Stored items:
= = = = =
(* Let $v_1,v_2\in L_2(0,1)$ be complex-valued, and for $\psi\in W_2^1(0,1)$ define $$A\psi(x)=i\psi'(x)+v_1(x)\Big[\psi(0)-\tfrac{i}{2}\langle\psi,v_1\rangle\Big]+v_2(x)\Big[\psi(1)+\tfrac{i}{2}\langle\psi,v_2\rangle\Big].$$ Then for all $\psi,\varphi\in W_2^1(0,1)$, $$\langle A\psi,\varphi\rangle-\langle\psi,A\varphi\rangle=i\Big\{\big[\psi(1)+i\langle\psi,v_2\rangle\big]\overline{\big[\varphi(1)+i\langle\varphi,v_2\rangle\big]}-\big[\psi(0)-i\langle\psi,v_1\rangle\big]\overline{\big[\varphi(0)-i\langle\varphi,v_1\rangle\big]}\Big\}.$$
   Context: $\langle f,g\rangle=\int_0^1 f(x)\overline{g(x)}\,dx$ is the inner product of $L_2(0,1)$; $W_2^1(0,1)$ is the Sobolev space. *)

theory Defs
  imports "HOL-Analysis.Analysis"
begin

definition L2_01 :: "(real \<Rightarrow> complex) set" where
  "L2_01 = {f. f measurable_on {0..1} \<and> (\<lambda>x. (cmod (f x))^2) integrable_on {0..1}}"

definition ip01 :: "(real \<Rightarrow> complex) \<Rightarrow> (real \<Rightarrow> complex) \<Rightarrow> complex" where
  "ip01 f g = integral {0..1} (\<lambda>x. f x * cnj (g x))"

text \<open>psi is (the absolutely continuous representative of) an element of W_2^1(0,1)
  with weak derivative dpsi in L2(0,1).\<close>
definition W21_with_deriv :: "(real \<Rightarrow> complex) \<Rightarrow> (real \<Rightarrow> complex) \<Rightarrow> bool" where
  "W21_with_deriv psi dpsi \<longleftrightarrow> dpsi \<in> L2_01 \<and>
     (\<forall>x\<in>{0..1}. psi x = psi 0 + integral {0..x} dpsi)"

definition opA :: "(real \<Rightarrow> complex) \<Rightarrow> (real \<Rightarrow> complex) \<Rightarrow> (real \<Rightarrow> complex)
    \<Rightarrow> (real \<Rightarrow> complex) \<Rightarrow> real \<Rightarrow> complex" where
  "opA v1 v2 psi dpsi x = \<i> * dpsi x
     + v1 x * (psi 0 - (\<i> / 2) * ip01 psi v1)
     + v2 x * (psi 1 + (\<i> / 2) * ip01 psi v2)"

end

(*
  Expand both inner products by sesquilinearity.  The derivative terms give
  i (<psi',phi> + <psi,phi'>), which by integration by parts is i [psi conj phi] from 0 to 1;
  together with the rank-one potential terms this is the right-hand side by a purely algebraic
  identity.  Integration by parts is needed for absolutely continuous functions whose
  derivatives are merely integrable; it follows from Fubini's theorem on the triangle t <= x.
*)

theory Submission
  imports Defs
begin

lemma sigma_finite_lebesgue: "sigma_finite_measure (lebesgue :: 'a::euclidean_space measure)"
proof
  obtain A :: "'a set set" where "countable A" "A \<subseteq> sets lborel" "\<Union>A = space lborel"
    "\<forall>a\<in>A. emeasure lborel a \<noteq> \<infinity>"
    using lborel.sigma_finite_countable by blast
  then show "\<exists>A. countable A \<and> A \<subseteq> sets lebesgue \<and> \<Union>A = space lebesgue \<and>
      (\<forall>a\<in>A. emeasure (lebesgue :: 'a measure) a \<noteq> \<infinity>)"
    by (intro exI[of _ A]) (auto simp: subset_iff)
qed

interpretation lebesgue_pair: pair_sigma_finite "lebesgue :: real measure" "lebesgue :: real measure"
  by (simp add: pair_sigma_finite.intro sigma_finite_lebesgue)

lemma lebesgue_integral_indicator_eq_integral:
  fixes f :: "real \<Rightarrow> 'a::euclidean_space"
  assumes "f absolutely_integrable_on {a..b}"
  shows "(\<integral>x. indicator {a..b} x *\<^sub>R f x \<partial>lebesgue) = integral {a..b} f"
  using set_lebesgue_integral_eq_integral(2)[OF assms] by (simp add: set_lebesgue_integral_def)

lemma integrable_lebesgue_pair_triangle:
  fixes F H :: "real \<Rightarrow> complex"
  assumes F: "integrable lebesgue F" and H: "integrable lebesgue H"
  shows "integrable (lebesgue \<Otimes>\<^sub>M lebesgue) (\<lambda>(x, t). if t \<le> x then F x * H t else 0)"
proof -
  have [measurable]: "F \<in> borel_measurable lebesgue" "H \<in> borel_measurable lebesgue"
    using F H by auto
  have [measurable]: "fst \<in> borel_measurable (lebesgue \<Otimes>\<^sub>M lebesgue :: (real \<times> real) measure)"
      "snd \<in> borel_measurable (lebesgue \<Otimes>\<^sub>M lebesgue :: (real \<times> real) measure)"
    using measurable_compose[OF measurable_fst id_borel_measurable_lebesgue]
      measurable_compose[OF measurable_snd id_borel_measurable_lebesgue] by (simp_all add: comp_def)
  have "integrable (lebesgue \<Otimes>\<^sub>M lebesgue) (\<lambda>(x, t). F x * H t)"
  proof (rule lebesgue_pair.Fubini_integrable)
    show "(\<lambda>(x, t). F x * H t) \<in> borel_measurable (lebesgue \<Otimes>\<^sub>M lebesgue)"
      unfolding case_prod_beta by measurable
    show "integrable lebesgue (\<lambda>x. \<integral>t. norm (case (x, t) of (x, t) \<Rightarrow> F x * H t) \<partial>lebesgue)"
      using F by (simp add: norm_mult)
    show "AE x in lebesgue. integrable lebesgue (\<lambda>t. case (x, t) of (x, t) \<Rightarrow> F x * H t)"
      using H by simp
  qed
  moreover have "(\<lambda>(x, t). if t \<le> x then F x * H t else 0) \<in> borel_measurable (lebesgue \<Otimes>\<^sub>M lebesgue)"
    unfolding case_prod_beta by measurable
  ultimately show ?thesis
    by (rule Bochner_Integration.integrable_bound) (auto simp: norm_mult)
qed

lemma Fubini_indefinite_integral:
  fixes f h :: "real \<Rightarrow> complex"
  assumes f: "f absolutely_integrable_on {a..b}" and h: "h absolutely_integrable_on {a..b}"
  shows "(\<lambda>x. f x * integral {a..x} h) absolutely_integrable_on {a..b}"
    and "(\<lambda>t. integral {t..b} f * h t) absolutely_integrable_on {a..b}"
    and "integral {a..b} (\<lambda>x. f x * integral {a..x} h) = integral {a..b} (\<lambda>t. integral {t..b} f * h t)"
proof -
  define F where "F = (\<lambda>x. indicator {a..b} x *\<^sub>R f x)"
  define H where "H = (\<lambda>t. indicator {a..b} t *\<^sub>R h t)"
  define k where "k = (\<lambda>x t. if t \<le> x then F x * H t else 0)"
  \<comment> \<open>Both sides are the integral of \<open>f x * h t\<close> over the triangle \<open>a \<le> t \<le> x \<le> b\<close>.\<close>
  have "integrable lebesgue F" "integrable lebesgue H"
    using f h by (simp_all add: F_def H_def set_integrable_def)
  then have k_int: "integrable (lebesgue \<Otimes>\<^sub>M lebesgue) (case_prod k)"
    unfolding k_def by (rule integrable_lebesgue_pair_triangle)
  have inner_t: "(\<integral>t. k x t \<partial>lebesgue) = indicator {a..b} x *\<^sub>R (f x * integral {a..x} h)" for x
  proof (cases "x \<in> {a..b}")
    case True
    have "(\<integral>t. k x t \<partial>lebesgue) = (\<integral>t. f x * (indicator {a..x} t *\<^sub>R h t) \<partial>lebesgue)"
      using True by (intro Bochner_Integration.integral_cong) (auto simp: k_def F_def H_def split: split_indicator)
    also have "\<dots> = f x * (\<integral>t. indicator {a..x} t *\<^sub>R h t \<partial>lebesgue)"
      by (rule integral_mult_right_zero)
    also have "\<dots> = f x * integral {a..x} h"
      using True absolutely_integrable_on_subinterval[OF h, of a x]
      by (simp add: lebesgue_integral_indicator_eq_integral)
    finally show ?thesis using True by simp
  next
    case False
    then have "(\<lambda>t. k x t) = (\<lambda>t. 0)" unfolding k_def F_def by auto
    with False show ?thesis by simp
  qed
  have inner_x: "(\<integral>x. k x t \<partial>lebesgue) = indicator {a..b} t *\<^sub>R (integral {t..b} f * h t)" for t
  proof (cases "t \<in> {a..b}")
    case True
    have "(\<integral>x. k x t \<partial>lebesgue) = (\<integral>x. (indicator {t..b} x *\<^sub>R f x) * h t \<partial>lebesgue)"
      using True by (intro Bochner_Integration.integral_cong) (auto simp: k_def F_def H_def split: split_indicator)
    also have "\<dots> = (\<integral>x. indicator {t..b} x *\<^sub>R f x \<partial>lebesgue) * h t"
      by (rule integral_mult_left_zero)
    also have "\<dots> = integral {t..b} f * h t"
      using True absolutely_integrable_on_subinterval[OF f, of t b]
      by (simp add: lebesgue_integral_indicator_eq_integral)
    finally show ?thesis using True by simp
  next
    case False
    then have "(\<lambda>x. k x t) = (\<lambda>x. 0)" unfolding k_def H_def by auto
    with False show ?thesis by simp
  qed
  show int_x: "(\<lambda>x. f x * integral {a..x} h) absolutely_integrable_on {a..b}"
    using lebesgue_pair.integrable_fst'[OF k_int] by (simp add: set_integrable_def inner_t)
  show int_t: "(\<lambda>t. integral {t..b} f * h t) absolutely_integrable_on {a..b}"
    using lebesgue_pair.integrable_snd[OF k_int] by (simp add: set_integrable_def inner_x)
  show "integral {a..b} (\<lambda>x. f x * integral {a..x} h) = integral {a..b} (\<lambda>t. integral {t..b} f * h t)"
    using lebesgue_pair.Fubini_integral[OF k_int]
    by (simp add: inner_t inner_x lebesgue_integral_indicator_eq_integral int_x int_t)
qed

lemma has_integral_indefinite_integral_product:
  fixes f h :: "real \<Rightarrow> complex"
  assumes f: "f absolutely_integrable_on {a..b}" and h: "h absolutely_integrable_on {a..b}"
  shows "((\<lambda>x. f x * integral {a..x} h + integral {a..x} f * h x)
      has_integral integral {a..b} f * integral {a..b} h) {a..b}"
proof -
  have f_int: "f integrable_on {a..b}" and h_int: "h integrable_on {a..b}"
    using f h by (simp_all add: set_lebesgue_integral_eq_integral(1))
  have tail: "integral {x..b} f = integral {a..b} f - integral {a..x} f" if "x \<in> {a..b}" for x
    using Henstock_Kurzweil_Integration.integral_combine[OF _ _ f_int, of x] that by (simp add: algebra_simps)
  note Fubini = Fubini_indefinite_integral[OF f h]
  have lower: "((\<lambda>x. f x * integral {a..x} h) has_integral integral {a..b} (\<lambda>t. integral {t..b} f * h t)) {a..b}"
    using integrable_integral[OF set_lebesgue_integral_eq_integral(1)[OF Fubini(1)]] Fubini(3) by simp
  have upper: "((\<lambda>t. integral {t..b} f * h t) has_integral integral {a..b} (\<lambda>t. integral {t..b} f * h t)) {a..b}"
    by (rule integrable_integral[OF set_lebesgue_integral_eq_integral(1)[OF Fubini(2)]])
  have whole: "((\<lambda>t. integral {a..b} f * h t) has_integral integral {a..b} f * integral {a..b} h) {a..b}"
    using h_int by (intro has_integral_mult_right integrable_integral)
  from has_integral_add[OF lower has_integral_diff[OF whole upper]]
  have "((\<lambda>x. f x * integral {a..x} h + (integral {a..b} f * h x - integral {x..b} f * h x))
      has_integral integral {a..b} f * integral {a..b} h) {a..b}"
    by simp
  then show ?thesis
  proof (rule has_integral_eq[rotated])
    fix x assume "x \<in> {a..b}"
    then show "f x * integral {a..x} h + (integral {a..b} f * h x - integral {x..b} f * h x)
        = f x * integral {a..x} h + integral {a..x} f * h x"
      by (simp only: tail) (simp add: algebra_simps)
  qed
qed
= = = = =
Task details: Set down again, word for word, the stretch of records from the line with "theory Defs" to the line with "with weak derivative", both of those lines included.

Result below:
theory Defs
  imports "HOL-Analysis.Analysis"
begin

definition L2_01 :: "(real \<Rightarrow> complex) set" where
  "L2_01 = {f. f measurable_on {0..1} \<and> (\<lambda>x. (cmod (f x))^2) integrable_on {0..1}}"

definition ip01 :: "(real \<Rightarrow> complex) \<Rightarrow> (real \<Rightarrow> complex) \<Rightarrow> complex" where
  "ip01 f g = integral {0..1} (\<lambda>x. f x * cnj (g x))"

text \<open>psi is (the absolutely continuous representative of) an element of W_2^1(0,1)
  with weak derivative dpsi in L2(0,1).\<close>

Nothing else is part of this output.